Прийти, как Клюев, и читать нотации Блоку или уйти, как Добролюбов, и назидательно замолчать («Помолчим, братие!») Пришвин не мог или не хотел, но вот стать проводником, сталкером, перекинуть мостик от народа к интеллигенции и, как справедливо написал А. Эткинд, уделивший, правда, слишком много внимания сектантской теме в творчестве Пришвина, легко ходить туда и обратно – это у него получалось великолепно. Он возил Вяч. Иванова к хлыстовской богородице, а потом молодая красивая женщина со строгими чертами лица, с головы до ног укутанная в черную шаль, сидела на лекции поэта-эллиниста. Он звал с собою к хлыстам Блока, был своим человеком в секте «Начало века» и «не раз приводил на край ее чана людей из нашей творческой интеллигенции».
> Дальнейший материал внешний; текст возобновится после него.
(* Let $a,b,c\in\mathbb R$ with $c+1>a+b$ and $c$ not a nonpositive integer, and for real $q>-1$ put \[ F(q):={}_3F_2\!\left({a,b,q\atop c,q+1};1\right). \] Then \[ \frac{(q+1-a)(q+1-b)}{q+1}F(q+1)-(q+1-c)F(q)=\frac{\Gamma(c)\,\Gamma(c+1-a-b)}{\Gamma(c-a)\,\Gamma(c-b)}, \] with the convention $1/\Gamma(-n)=0$ for nonnegative integers $n$.
   Context: ${}_3F_2\!\left({a_1,a_2,a_3\atop b_1,b_2};x\right)=\sum_{n\ge0}\frac{(a_1)_n(a_2)_n(a_3)_n}{(b_1)_n(b_2)_n}\frac{x^n}{n!}$ with $(x)_n=x(x+1)\cdots(x+n-1)$; at $x=1$ it converges when $b_1+b_2-a_1-a_2-a_3>0$. *)

theory Defs
  imports "HOL-Analysis.Analysis"
begin

definition hyp3F2 :: "real \<Rightarrow> real \<Rightarrow> real \<Rightarrow> real \<Rightarrow> real \<Rightarrow> real \<Rightarrow> real" where
  "hyp3F2 a1 a2 a3 b1 b2 x =
     (\<Sum>n. pochhammer a1 n * pochhammer a2 n * pochhammer a3 n
            / (pochhammer b1 n * pochhammer b2 n) * x ^ n / fact n)"

end

theory Submission
  imports Defs "HOL-Real_Asymp.Real_Asymp"
begin

text \<open>
  Write \<open>t n\<close> for the \<open>n\<close>-th term of 2F1(a,b;c;1). As (q)_n/(q+1)_n = q/(q+n), the two 3F2
  series are the sums of \<open>t n * q/(q+n)\<close> and of \<open>t n * (q+1)/(q+1+n)\<close>. Termwise, the combination
  on the left differs from (c-a)(c-b)/c times the \<open>n\<close>-th term of 2F1(a,b;c+1;1) by
  \<open>D (n+1) - D n\<close>, where \<open>D n = (c-q-1) * t n * n/(q+n)\<close> tends to 0 because
  \<open>t n = O(n powr (a+b-c-1))\<close>. Hence the left side is (c-a)(c-b)/c * 2F1(a,b;c+1;1), which
  Gauss's summation theorem evaluates. Gauss's theorem is proved classically: the same kind of
  telescoping gives the contiguous relation (c-a-b) F(c) = (c-a)(c-b)/c * F(c+1); iterated m
  times, the accumulated Pochhammer quotient tends to \<Gamma>(c)\<Gamma>(c-a-b)/(\<Gamma>(c-a)\<Gamma>(c-b)) while
  F(c+m) tends to 1.
\<close>

definition hyp2F1_coeff :: "real \<Rightarrow> real \<Rightarrow> real \<Rightarrow> nat \<Rightarrow> real" where
  "hyp2F1_coeff a b c n = pochhammer a n * pochhammer b n / (pochhammer c n * fact n)"

lemma plus_of_nat_notin_nonpos_Ints:
  fixes z :: "'a :: ring_char_0"
  assumes "z \<notin> \<int>\<^sub>\<le>\<^sub>0"
  shows "z + of_nat m \<notin> \<int>\<^sub>\<le>\<^sub>0"
  using nonpos_Ints_diff_Nats[of "z + of_nat m" "of_nat m"] assms by auto

lemma pochhammer_plus1_eq: "z * pochhammer (z + 1) n = pochhammer z n * (z + of_nat n)"
  by (metis pochhammer_Suc pochhammer_rec)

text \<open>The form \<open>1 - n/(z + n)\<close> rather than \<open>z/(z + n)\<close> keeps the identity true for \<open>z = 0, n = 0\<close>.\<close>

lemma pochhammer_div_pochhammer_plus1:
  fixes z :: "'a :: field_char_0"
  assumes "z + 1 \<notin> \<int>\<^sub>\<le>\<^sub>0"
  shows "pochhammer z n / pochhammer (z + 1) n = 1 - of_nat n / (z + of_nat n)"
proof (cases n)
  case (Suc k)
  have "z + of_nat n \<noteq> 0"
    using plus_of_nat_notin_nonpos_Ints[OF assms, of k] Suc by (auto simp: algebra_simps)
  moreover have "pochhammer (z + 1) n \<noteq> 0"
    using assms by (auto dest: pochhammer_eq_0_imp_nonpos_Int)
  ultimately show ?thesis
    using pochhammer_plus1_eq[of z n] by (simp add: field_simps)
qed simp

lemma pochhammer_mono:
  fixes x y :: real
  assumes "0 \<le> x" "x \<le> y"
  shows "pochhammer x n \<le> pochhammer y n"
  unfolding pochhammer_prod using assms by (intro prod_mono) auto

lemma bigo_powr_mult:
  fixes f g :: "nat \<Rightarrow> real"
  assumes "f \<in> O(\<lambda>n. real n powr d)" "g \<in> O(\<lambda>n. real n powr e)"
  shows "(\<lambda>n. f n * g n) \<in> O(\<lambda>n. real n powr (d + e))"
  using landau_o.big.mult[OF assms] by (simp add: powr_add)

lemma summable_abs_if_bigo_powr:
  fixes f :: "nat \<Rightarrow> real"
  assumes "f \<in> O(\<lambda>n. real n powr e)" "e < -1"
  shows "summable (\<lambda>n. \<bar>f n\<bar>)"
proof (rule summable_comparison_test_bigo)
  show "(\<lambda>n. \<bar>f n\<bar>) \<in> O(\<lambda>n. real n powr e)"
    using assms(1) by simp
  show "summable (\<lambda>n. norm (real n powr e))"
    using assms(2) by (simp add: summable_real_powr_iff)
qed

lemma LIMSEQ_zero_if_bigo_powr:
  fixes f :: "nat \<Rightarrow> real"
  assumes "f \<in> O(\<lambda>n. real n powr e)" "e < 0"
  shows "f \<longlonglongrightarrow> 0"
proof -
  have "(\<lambda>n. real n powr e) \<in> o(\<lambda>_. 1)"
    using assms(2) by real_asymp
  from smalloD_tendsto[OF landau_o.big_small_trans[OF assms(1) this]] show ?thesis
    by simp
qed

section \<open>Asymptotics of Pochhammer quotients\<close>

lemma pochhammer_over_fact_powr_LIMSEQ:
  "(\<lambda>n. pochhammer z n / (fact n * real n powr (z - 1))) \<longlonglongrightarrow> rGamma z"
proof (rule Lim_transform_eventually)
  have "(\<lambda>n. rGamma_series z n * (real n / (z + real n))) \<longlonglongrightarrow> rGamma z * 1"
    by (intro tendsto_intros) real_asymp
  then show "(\<lambda>n. rGamma_series z n * (real n / (z + real n))) \<longlonglongrightarrow> rGamma z"
    by simp
  show "\<forall>\<^sub>F n in sequentially. rGamma_series z n * (real n / (z + real n))
          = pochhammer z n / (fact n * real n powr (z - 1))"
    using eventually_gt_at_top[of "nat \<lceil>\<bar>z\<bar>\<rceil>"]
  proof eventually_elim
    case (elim n)
    then have "real n > 0" "z + real n > 0" by linarith+
    moreover have "exp (z * ln (real n)) = real n powr (z - 1) * real n"
      using \<open>real n > 0\<close> powr_add[of "real n" "z - 1" 1] by (simp add: powr_def)
    ultimately show ?case
      by (simp add: rGamma_series_def pochhammer_Suc)
  qed
qed

lemma pochhammer_quotient_asymp:
  fixes x y z w :: real
  assumes "z \<notin> \<int>\<^sub>\<le>\<^sub>0" "w \<notin> \<int>\<^sub>\<le>\<^sub>0"
  shows "(\<lambda>n. pochhammer x n * pochhammer y n / (pochhammer z n * pochhammer w n)
            / real n powr (x + y - z - w)) \<longlonglongrightarrow> Gamma z * Gamma w * rGamma x * rGamma y"
proof (rule Lim_transform_eventually)
  define P where "P v n = pochhammer v n / (fact n * real n powr (v - 1))" for v n
  have "(\<lambda>n. P x n * P y n / (P z n * P w n)) \<longlonglongrightarrow> rGamma x * rGamma y / (rGamma z * rGamma w)"
    unfolding P_def using assms
    by (intro tendsto_intros pochhammer_over_fact_powr_LIMSEQ) (auto simp: rGamma_eq_zero_iff)
  then show "(\<lambda>n. P x n * P y n / (P z n * P w n)) \<longlonglongrightarrow> Gamma z * Gamma w * rGamma x * rGamma y"
    by (simp add: Gamma_def divide_inverse mult_ac)
  show "\<forall>\<^sub>F n in sequentially. P x n * P y n / (P z n * P w n)
          = pochhammer x n * pochhammer y n / (pochhammer z n * pochhammer w n) / real n powr (x + y - z - w)"
    using eventually_gt_at_top[of 0]
  proof eventually_elim
    case (elim n)
    define N where "N = real n powr (x + y - z - w)"
    have pos: "fact n * real n powr (v - 1) > 0" for v
      using elim by simp
    have poch: "pochhammer v n = P v n * (fact n * real n powr (v - 1))" for v
      using pos[of v] elim by (simp add: P_def)
    have "P z n \<noteq> 0" "P w n \<noteq> 0" "N \<noteq> 0"
      using assms elim pos by (auto simp: P_def N_def dest: pochhammer_eq_0_imp_nonpos_Int)
    moreover have "real n powr (x - 1) * real n powr (y - 1) = real n powr (z - 1) * real n powr (w - 1) * N"
      by (simp add: N_def flip: powr_add) (simp add: algebra_simps)
    ultimately show ?case
      unfolding poch[of x] poch[of y] poch[of z] poch[of w] N_def[symmetric]
      using pos[of z] pos[of w] elim by (simp add: divide_simps)
  qed
qed
theorem theorem1p12:
  fixes V :: "(complex ^ 'd) set" and f :: "complex \<Rightarrow> complex ^ 'd" and s :: real
  assumes "analytic_disc_attached V f"
    and "s < 0"
  shows "Hs s \<noteq> Hf f"
proof
  assume "Hs s = Hf f"
  note f_ball = analytic_disc_norm_less_one[OF assms(1)]
  have "\<not> Hf f \<subseteq> Hs s"
    unfolding Hf_def DA_kernel_def[symmetric]
  proof (rule rkhs_not_subset_of_smaller_growth
      [where D = "\<lambda>z. 1 / (1 - (norm (f z))\<^sup>2)" and E = "\<lambda>z. Hs_kernel_diag s ((cmod z)\<^sup>2)"])
    fix z w :: complex
    assume z: "z \<in> ball 0 1" and w: "w \<in> ball 0 1"
    show "DA_kernel (f z) (f z) = of_real (1 / (1 - (norm (f z))\<^sup>2))"
      by (rule DA_kernel_self)
    show "0 < 1 / (1 - (norm (f z))\<^sup>2)"
      using f_ball[OF z] by (simp add: abs_square_less_1)
    show "cmod (DA_kernel (f z) (f w)) \<le> sqrt (1 / (1 - (norm (f z))\<^sup>2)) * sqrt (1 / (1 - (norm (f w))\<^sup>2))"
      using f_ball[OF z] f_ball[OF w] by (rule norm_DA_kernel_le_diag)
    show "0 \<le> Re (DA_kernel (f z) (f w))"
      using f_ball[OF z] f_ball[OF w] by (rule Re_DA_kernel_nonneg)
  next
    show "\<exists>M\<ge>0. \<forall>z\<in>ball 0 1. (cmod (h z))\<^sup>2 \<le> M * Hs_kernel_diag s ((cmod z)\<^sup>2)" if "h \<in> Hs s" for h
      using that assms(2) by (intro Hs_growth) auto
    show "\<exists>z\<in>ball 0 1. Hs_kernel_diag s ((cmod z)\<^sup>2) \<le> \<epsilon> * (1 / (1 - (norm (f z))\<^sup>2))" if "\<epsilon> > 0" for \<epsilon>
      using assms that by (rule Hs_kernel_diag_small_on_attached_disc)
  qed
  with \<open>Hs s = Hf f\<close> show False
    by simp
qed

end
Дома у него собирались хлысты, и он готовил их к выступлению в Религиозно-философском собрании; ввел в него И. С. Проханова, сектанта-молоканина, теолога, издававшего в Петербурге журнал «Духовный христианин» (это как раз он, к неудовольствию Мережковского, собирался привнести «логику» в сектантский хаос); после Закона о свободе совести и вероисповедания подпольная, неортодоксальная Русь вылезла наружу, и до каких только фантастических вещей не договаривались ее вожди и рядовые адепты, и как часто вспоминались эти люди и эти споры потом, когда вспыхнул русский бунт, но тогда все казалось живым, новым, внушало надежду, радость, опьянение.

Пришвину в этом «пассионарном» мире, куда стремились проникнуть и «повертеться» русские интеллектуалы, доверяли, в нем было некое обаяние – он нашел себя – хотя больше в петербургских сектах, чем среди заволжских староверов.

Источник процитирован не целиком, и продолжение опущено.